(* Every core network $\mathcal G$ with multiple input nodes $\iota_1,\dots,\iota_n$ ($n\ge2$) and output node $o$ supports input counterweight homeostasis: $\det\langle H\rangle$ is a multiple of an irreducible polynomial that is homogeneous of degree $1$ in the variables $f_{\iota_1,\mathcal I},\dots,f_{\iota_n,\mathcal I}$ (the determinant of the input counterweight homeostasis block).
   Context: A core network is a directed graph with input nodes $\iota_1,\dots,\iota_n$ and output node $o$ in which every node is upstream from $o$ and downstream from at least one input node (node $b$ is downstream from $a$ if there is a directed path from $a$ to $b$). An admissible system has one real variable per node, $\dot x_{\iota_m}=f_{\iota_m}(X,\mathcal I)$ for inputs and $\dot x_j=f_j(X)$ otherwise, with $f_{j,x_\ell}=\partial f_j/\partial x_\ell\equiv0$ unless there is an arrow $\ell\to j$ (every node self-coupled), and $f_{\iota_m,\mathcal I}\neq0$. The entries $f_{j,x_\ell}$ and $f_{\iota_m,\mathcal I}$ are regarded as independent indeterminates. The generalized homeostasis matrix $\langle H\rangle$ is the Jacobian $(f_{j,x_\ell})$ over all nodes (output last) with its last column replaced by the column with entry $-f_{\iota_m,\mathcal I}$ in row $\iota_m$ and $0$ elsewhere. By Frobenius–König theory there are permutation matrices $P,Q$ with $P\langle H\rangle Q$ block upper triangular with square fully indecomposable diagonal blocks (irreducible homeostasis blocks); the block containing the entries $f_{\iota_m,\mathcal I}$ is the input counterweight block. *)

theory Defs
  imports "HOL-Library.Poly_Mapping" "HOL-Computational_Algebra.Factorial_Ring"
          "Jordan_Normal_Form.Determinant"
begin

text \<open>Indeterminates of the generalized homeostasis matrix:
  \<open>Fx j l\<close> stands for the partial derivative f_{j,x_l}, and
  \<open>FI m\<close> stands for f_{m,I} (m an input node).\<close>
datatype hvar = Fx nat nat | FI nat

type_synonym hpoly = "(hvar \<Rightarrow>\<^sub>0 nat) \<Rightarrow>\<^sub>0 real"

definition indet :: "hvar \<Rightarrow> hpoly" where
  "indet v = Poly_Mapping.single (Poly_Mapping.single v 1) 1"

text \<open>A network on nodes 0..<N, arrows E (a pair (l,j) is the arrow l -> j),
  input node set Inp and output node out is a core network.\<close>
definition core_network :: "nat \<Rightarrow> (nat \<times> nat) set \<Rightarrow> nat set \<Rightarrow> nat \<Rightarrow> bool" where
  "core_network N E Inp out \<longleftrightarrow>
     E \<subseteq> {0..<N} \<times> {0..<N} \<and> Inp \<subseteq> {0..<N} \<and> out < N \<and> out \<notin> Inp \<and>
     (\<forall>j<N. (j, out) \<in> E\<^sup>* \<and> (\<exists>i\<in>Inp. (i, j) \<in> E\<^sup>*))"

text \<open>Generalized homeostasis matrix: the Jacobian (entry (j,l) is f_{j,x_l}, a
  free indeterminate when there is an arrow l -> j or l = j (self-coupling),
  zero otherwise), with the output column replaced by the column having
  entry -f_{m,I} in each input row m and 0 elsewhere.\<close>
definition gen_homeo_matrix :: "nat \<Rightarrow> (nat \<times> nat) set \<Rightarrow> nat set \<Rightarrow> nat \<Rightarrow> hpoly mat" where
  "gen_homeo_matrix N E Inp out = mat N N (\<lambda>(j, l).
     if l = out then (if j \<in> Inp then - indet (FI j) else 0)
     else if (l, j) \<in> E \<or> l = j then indet (Fx j l) else 0)"

definition input_degree :: "nat set \<Rightarrow> (hvar \<Rightarrow>\<^sub>0 nat) \<Rightarrow> nat" where
  "input_degree Inp m = (\<Sum>i\<in>Inp. Poly_Mapping.lookup m (FI i))"

definition homogeneous_deg1_in_inputs :: "nat set \<Rightarrow> hpoly \<Rightarrow> bool" where
  "homogeneous_deg1_in_inputs Inp p \<longleftrightarrow>
     p \<noteq> 0 \<and> (\<forall>m\<in>Poly_Mapping.keys p. input_degree Inp m = 1)"

end

theory Submission
  imports Defs "HOL-Library.Countable" "HOL-Library.Transitive_Closure_Table"
begin

(* In the Leibniz expansion of det <H> every term contains exactly one entry of the output
   column, hence exactly one variable f_{i,I}. Distinct permutations yield distinct
   monomials, so nothing cancels, and the permutation that runs backwards along a simple
   path from an input node to o (and fixes all other nodes) contributes a nonzero term.
   Thus det <H> is a nonzero polynomial, homogeneous of degree 1 in the input variables.
   Any such polynomial has an irreducible factor of the same kind: grading by input degree
   is multiplicative, so in a factorisation one factor has input degree 0 and the other is
   again homogeneous of degree 1, and induction on the total degree concludes. *)

(* Poly_Mapping makes polynomials an integral domain only over linearly ordered
   indeterminates; any linear order on hvar will do. *)
instance hvar :: countable
  by countable_datatype

instantiation hvar :: linorder
begin

definition less_eq_hvar :: "hvar \<Rightarrow> hvar \<Rightarrow> bool" where
  "less_eq_hvar x y \<longleftrightarrow> to_nat x \<le> to_nat y"

definition less_hvar :: "hvar \<Rightarrow> hvar \<Rightarrow> bool" where
  "less_hvar x y \<longleftrightarrow> to_nat x < to_nat y"

instance
  by standard (auto simp: less_eq_hvar_def less_hvar_def)

end

section \<open>Weighted gradings of polynomials\<close>

(* The coefficient of t^k in graded_poly w p is the weight-k part of p; for additive w
   the map is multiplicative, so weights of products add up like degrees. *)
definition graded_poly ::
    "('m \<Rightarrow> nat) \<Rightarrow> ('m \<Rightarrow>\<^sub>0 'a::comm_monoid_add) \<Rightarrow> ('m \<Rightarrow>\<^sub>0 'a) poly" where
  "graded_poly w p =
     (\<Sum>m\<in>Poly_Mapping.keys p. monom (Poly_Mapping.single m (Poly_Mapping.lookup p m)) (w m))"

definition weighted_homogeneous :: "('m \<Rightarrow> nat) \<Rightarrow> nat \<Rightarrow> ('m \<Rightarrow>\<^sub>0 'a::zero) \<Rightarrow> bool" where
  "weighted_homogeneous w k p \<longleftrightarrow> (\<forall>m\<in>Poly_Mapping.keys p. w m = k)"

lemma sum_single_lookup:
  "(\<Sum>m\<in>Poly_Mapping.keys p. Poly_Mapping.single m (Poly_Mapping.lookup p m)) = p"
  by (rule poly_mapping_eqI)
    (auto simp: lookup_sum lookup_single when_def in_keys_iff sum.If_cases)
(* Fix $\delta\in[0,1)$ and $V_{\sf P}\ge0$. Then $$\lim_{p\to0}g(\delta,\rho_1,c)=1,\qquad \lim_{p\to0}g(\delta,\rho_2,c)=\frac{1-\delta}{1-\delta\rho_2},$$ where $\rho_1$ and $c$ depend on $p$ as defined below and $\rho_2$ does not depend on $p$.
   Context: For $p\in(0,1)$ and $V_{\sf P}\ge0$ define $\rho_1=\frac{e^{(1-p)/p}}{1+e^{V_{\sf P}}+e^{(1-p)/p}}$, $\rho_2=\frac{e^{-1}}{1+e^{V_{\sf P}}+e^{-1}}$, and $c=\frac{\ln((1-\rho_2)/(1-\rho_1))}{\ln(\rho_1/\rho_2)+\ln((1-\rho_2)/(1-\rho_1))}$. For $\rho,x\in[0,1]$, let $X_1(\rho,x),X_2(\rho,x),\dots$ be i.i.d. random variables with $X_k=1-x$ with probability $\rho$ and $X_k=-x$ with probability $1-\rho$; let $S_n(\rho,x)=\sum_{k=1}^nX_k(\rho,x)$ and $N(\rho,x)=\inf\{n\ge1:S_n(\rho,x)<0\}$. Define $g(\delta,\rho,x)=\mathbb E\left[1-\delta^{N(\rho,x)}\right]$ (with the convention $\delta^{\infty}=0$). *)

theory Defs
  imports "HOL-Probability.Probability"
begin

definition walk_step :: "real \<Rightarrow> bool \<Rightarrow> real" where
  "walk_step x b = (if b then 1 - x else - x)"

definition walk_S :: "real \<Rightarrow> nat \<Rightarrow> bool stream \<Rightarrow> real" where
  "walk_S x n \<omega> = (\<Sum>k<n. walk_step x (\<omega> !! k))"

definition walk_N :: "real \<Rightarrow> bool stream \<Rightarrow> enat" where
  "walk_N x \<omega> = (if \<exists>n\<ge>1. walk_S x n \<omega> < 0
                 then enat (LEAST n. 1 \<le> n \<and> walk_S x n \<omega> < 0) else \<infinity>)"

definition enat_pow :: "real \<Rightarrow> enat \<Rightarrow> real" where
  "enat_pow d m = (case m of enat n \<Rightarrow> d ^ n | \<infinity> \<Rightarrow> 0)"

definition coin_space :: "real \<Rightarrow> bool stream measure" where
  "coin_space \<rho> = stream_space (measure_pmf (bernoulli_pmf \<rho>))"

definition g :: "real \<Rightarrow> real \<Rightarrow> real \<Rightarrow> real" where
  "g \<delta> \<rho> x = (\<integral>\<omega>. 1 - enat_pow \<delta> (walk_N x \<omega>) \<partial>coin_space \<rho>)"

definition rho1 :: "real \<Rightarrow> real \<Rightarrow> real" where
  "rho1 VP p = exp ((1 - p) / p) / (1 + exp VP + exp ((1 - p) / p))"

definition rho2 :: "real \<Rightarrow> real" where
  "rho2 VP = exp (-1) / (1 + exp VP + exp (-1))"
(* Let $d\ge 2$, let $P_1,\dots,P_d$ be matrix polynomials with $P_i(x_1,\dots,x_d)=\sum_{i_1=0}^{\tau_1}\cdots\sum_{i_d=0}^{\tau_d}P^{(i)}_{i_1,\dots,i_d}x_1^{i_1}\cdots x_d^{i_d}$, $P^{(i)}_{i_1,\dots,i_d}\in\mathbb{C}^{n_i\times n_i}$, and let $N=\prod_{i=1}^d n_i$. Suppose $(x_1^*,\dots,x_d^* )\in\mathbb{C}^d$ and nonzero $\mathbf{v}_i\in\mathbb{C}^{n_i}$ satisfy $P_i(x_1^*,\dots,x_d^* )\mathbf{v}_i=0$ for all $1\le i\le d$, and set $\mathbf{v}=\mathbf{v}_1\otimes\cdots\otimes\mathbf{v}_d$. Let $V$ be the block vector whose block indexed by $\mathbf{i}=(i_1,\dots,i_{d-1})$, $0\le i_k\le\alpha_k$ (ordered as the block columns of $R$), is $\prod_{k=1}^{d-1}(x_k^* )^{i_k}\mathbf{v}$. Then $V\neq 0$ and $R(x_d^* )V=0$, where $R(x_d)$ is the hidden variable tensor Dixon resultant; i.e. $x_d^*$ is an eigenvalue of $R(x_d)$ with eigenvector $V$.
   Context: Kronecker block determinant: for a $d\times d$ array $M=(M_{ij})$ with $M_{ij}\in\mathbb{C}^{n_i\times n_i}$ (possibly depending polynomially on variables), $|M|_\otimes=\sum_{\sigma\in S_d}\mathrm{sgn}(\sigma)\,M_{1,\sigma(1)}\otimes\cdots\otimes M_{d,\sigma(d)}$, an $N\times N$ matrix. Tensor Dixon function (with $x_d$ hidden): with variables $s_1,\dots,s_{d-1},t_1,\dots,t_{d-1},x_d$, let $M_{ij}=P_i(t_1,\dots,t_{j-1},s_j,\dots,s_{d-1},x_d)$ for $1\le i,j\le d$, and $f_{\text{Dixon}}=|M|_\otimes/\prod_{i=1}^{d-1}(s_i-t_i)$, a matrix polynomial of degree at most $\alpha_i=i\tau_i-1$ in $s_i$ and at most $\beta_i=(d-i)\tau_i-1$ in $t_i$. Expand $f_{\text{Dixon}}=\sum_{\mathbf{i},\mathbf{j}}A_{\mathbf{i},\mathbf{j}}(x_d)\prod_k s_k^{i_k}\prod_k t_k^{j_k}$ over $0\le i_k\le\alpha_k$, $0\le j_k\le\beta_k$, with $A_{\mathbf{i},\mathbf{j}}(x_d)$ an $N\times N$ matrix polynomial in $x_d$. The hidden variable tensor Dixon resultant $R(x_d)$ is the square block matrix whose block columns (width $N$) are indexed by the $s$-exponents $\mathbf{i}$ and block rows (height $N$) by the $t$-exponents $\mathbf{j}$ (in fixed orderings), with block $(\mathbf{j},\mathbf{i})$ equal to $A_{\mathbf{i},\mathbf{j}}(x_d)$. *)

theory Defs
  imports Complex_Main "HOL-Combinatorics.Combinatorics" "HOL-Library.FuncSet"
begin
(* Let $G=(V,E)$ be a graph with a string representation $\varphi$ in the plane, let $D\subseteq V$, and let $R\subseteq\mathbb{R}^2$ be a region. If $\pi$ is a shortest curve relative to $D$ and $\pi'\subseteq R$ is a sub-curve of $\pi$, then $\pi'$ is a shortest curve relative to $D\cap V|_R$ in $G|_R$ with representation $\varphi|_R$.
   Context: A string representation assigns to each vertex $v$ a bounded curve $\varphi(v)\subseteq\mathbb{R}^2$ with distinct $u,v$ adjacent iff the curves intersect; representations are assumed to have finitely many intersection points, no touching, no triple points, no self-intersections. Faces of the representation are the arc-connected components of the complement of all strings; a region is the closure of a union of some faces. For a closed region $R$, $G|_R=(V|_R,E|_R)$ is the intersection graph of the arc-connected components of the sets $\varphi(v)\cap R$ (each such component is a new vertex, a split of $v$), with representation $\varphi|_R$ given by these components. A path $P$ is a shortest path relative to $D$ if it is shortest in $G[P\cup D]$. For such $P$ from $u$ to $v$ and points $A\in\varphi(u)$, $B\in\varphi(v)$, a curve $\pi\subseteq\bigcup_{p\in P}\varphi(p)$ from $A$ to $B$ whose intersection with each $\varphi(p)$ is connected, these intersections occurring along $\pi$ in the order of $P$, is a shortest curve of $P$ relative to $D$; a shortest curve relative to $D$ is one for some shortest path relative to $D$. *)

theory Defs
  imports "HOL-Analysis.Analysis"
begin
(* Let $f:\mathbb{D}\times\mathbb{D}\to[0,1)$ be given by $f(z_1,z_2)=|\varphi_{z_1}(z_2)|=\left|\frac{z_1-z_2}{1-\overline{z_1}z_2}\right|$, and let $D=\{(z,z):z\in\mathbb{D}\}$. Then: (1) $f|_{\mathbb{D}\times\mathbb{D}-D}:\mathbb{D}\times\mathbb{D}-D\to(0,1)$ is a submersion (regarding $\mathbb{D}\times\mathbb{D}$ as a real $4$-manifold); (2) $f$ defines a three-dimensional foliation $\mathscr{F}$ of $\mathbb{D}\times\mathbb{D}-D$ whose leaves are $\mathscr{F}_a=f^{-1}\{a\}$, $a\in(0,1)$; (3) each leaf $\mathscr{F}_a$ is a real $3$-manifold; (4) for each leaf $\mathscr{F}_a$, the action of $\mathbb{Z}_2=\{\pm1\}$ on $\mathbb{D}\times\mathbb{D}$ given by $(+1)\cdot(z_1,z_2)=(z_1,z_2)$, $(-1)\cdot(z_1,z_2)=(z_2,z_1)$ induces a free, properly discontinuous action on $\mathscr{F}_a$.
   Context: $\mathbb{D}$ is the open unit disc in $\mathbb{C}$. For $\alpha\in\mathbb{D}$, $\varphi_\alpha(z)=\frac{\alpha-z}{1-\overline{\alpha}z}$. *)

theory Defs
  imports "HOL-Analysis.Analysis"
begin

definition unit_disc :: "complex set" where
  "unit_disc = ball 0 1"

definition phi :: "complex \<Rightarrow> complex \<Rightarrow> complex" where
  "phi \<alpha> z = (\<alpha> - z) / (1 - cnj \<alpha> * z)"

fun dirderivs :: "'a::real_normed_vector list \<Rightarrow> ('a \<Rightarrow> 'b::real_normed_vector) \<Rightarrow> 'a \<Rightarrow> 'b" where
  "dirderivs [] f = f"
| "dirderivs (v # vs) f = (\<lambda>x. frechet_derivative (dirderivs vs f) (at x) v)"
(* Let $G$ be a group of order $80$ whose Sylow $5$-subgroups are not normal. Then every connected Cayley graph on $G$ has a hamiltonian cycle.
   Context: For a group $G$ and a subset $S \subseteq G$, the Cayley graph $\mathrm{Cay}(G;S)$ has vertex set $G$, with $g$ adjacent to $gs$ for every $g \in G$ and $s \in S \cup S^{-1}$; it is connected iff $S$ generates $G$. *)

theory Defs
  imports "HOL-Algebra.Algebra"
begin

definition sylow_subgroup :: "('a, 'b) monoid_scheme \<Rightarrow> nat \<Rightarrow> 'a set \<Rightarrow> bool" where
  "sylow_subgroup G p P \<longleftrightarrow>
     subgroup P G \<and> card P = p ^ multiplicity p (order G)"

definition cayley_adj :: "('a, 'b) monoid_scheme \<Rightarrow> 'a set \<Rightarrow> 'a \<Rightarrow> 'a \<Rightarrow> bool" where
  "cayley_adj G S g h \<longleftrightarrow> g \<in> carrier G \<and> h \<in> carrier G \<and>
     (\<exists>s \<in> S \<union> (\<lambda>x. inv\<^bsub>G\<^esub> x) ` S. h = g \<otimes>\<^bsub>G\<^esub> s)"

definition cayley_hamiltonian :: "('a, 'b) monoid_scheme \<Rightarrow> 'a set \<Rightarrow> bool" where
  "cayley_hamiltonian G S \<longleftrightarrow>
     (\<exists>vs. distinct vs \<and> set vs = carrier G \<and> length vs \<ge> 3 \<and>
        (\<forall>i < length vs. cayley_adj G S (vs ! i) (vs ! ((i + 1) mod length vs))))"

end

theory Submission
  imports Defs
begin

lemma funpow_mod_period:
  assumes "f ` A \<subseteq> A" "\<And>y. y \<in> A \<Longrightarrow> (f ^^ p) y = y" "x \<in> A"
  shows "(f ^^ n) x = (f ^^ (n mod p)) x"
proof -
  have "(f ^^ (p * k)) x = x" for k
    by (induction k) (simp_all add: funpow_add assms)
  then show ?thesis
    by (metis (no_types) comp_apply funpow_add mod_mult_div_eq)
qed

lemma funpow_in_invariant: "f ` A \<subseteq> A \<Longrightarrow> x \<in> A \<Longrightarrow> (f ^^ n) x \<in> A"
  by (induction n) auto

____

### PROBLEM REQUIREMENTS:
A line counts if it includes the string "dirderivs". State how many such lines the entries have, with no other text.

### FINISHED EXERCISE:
3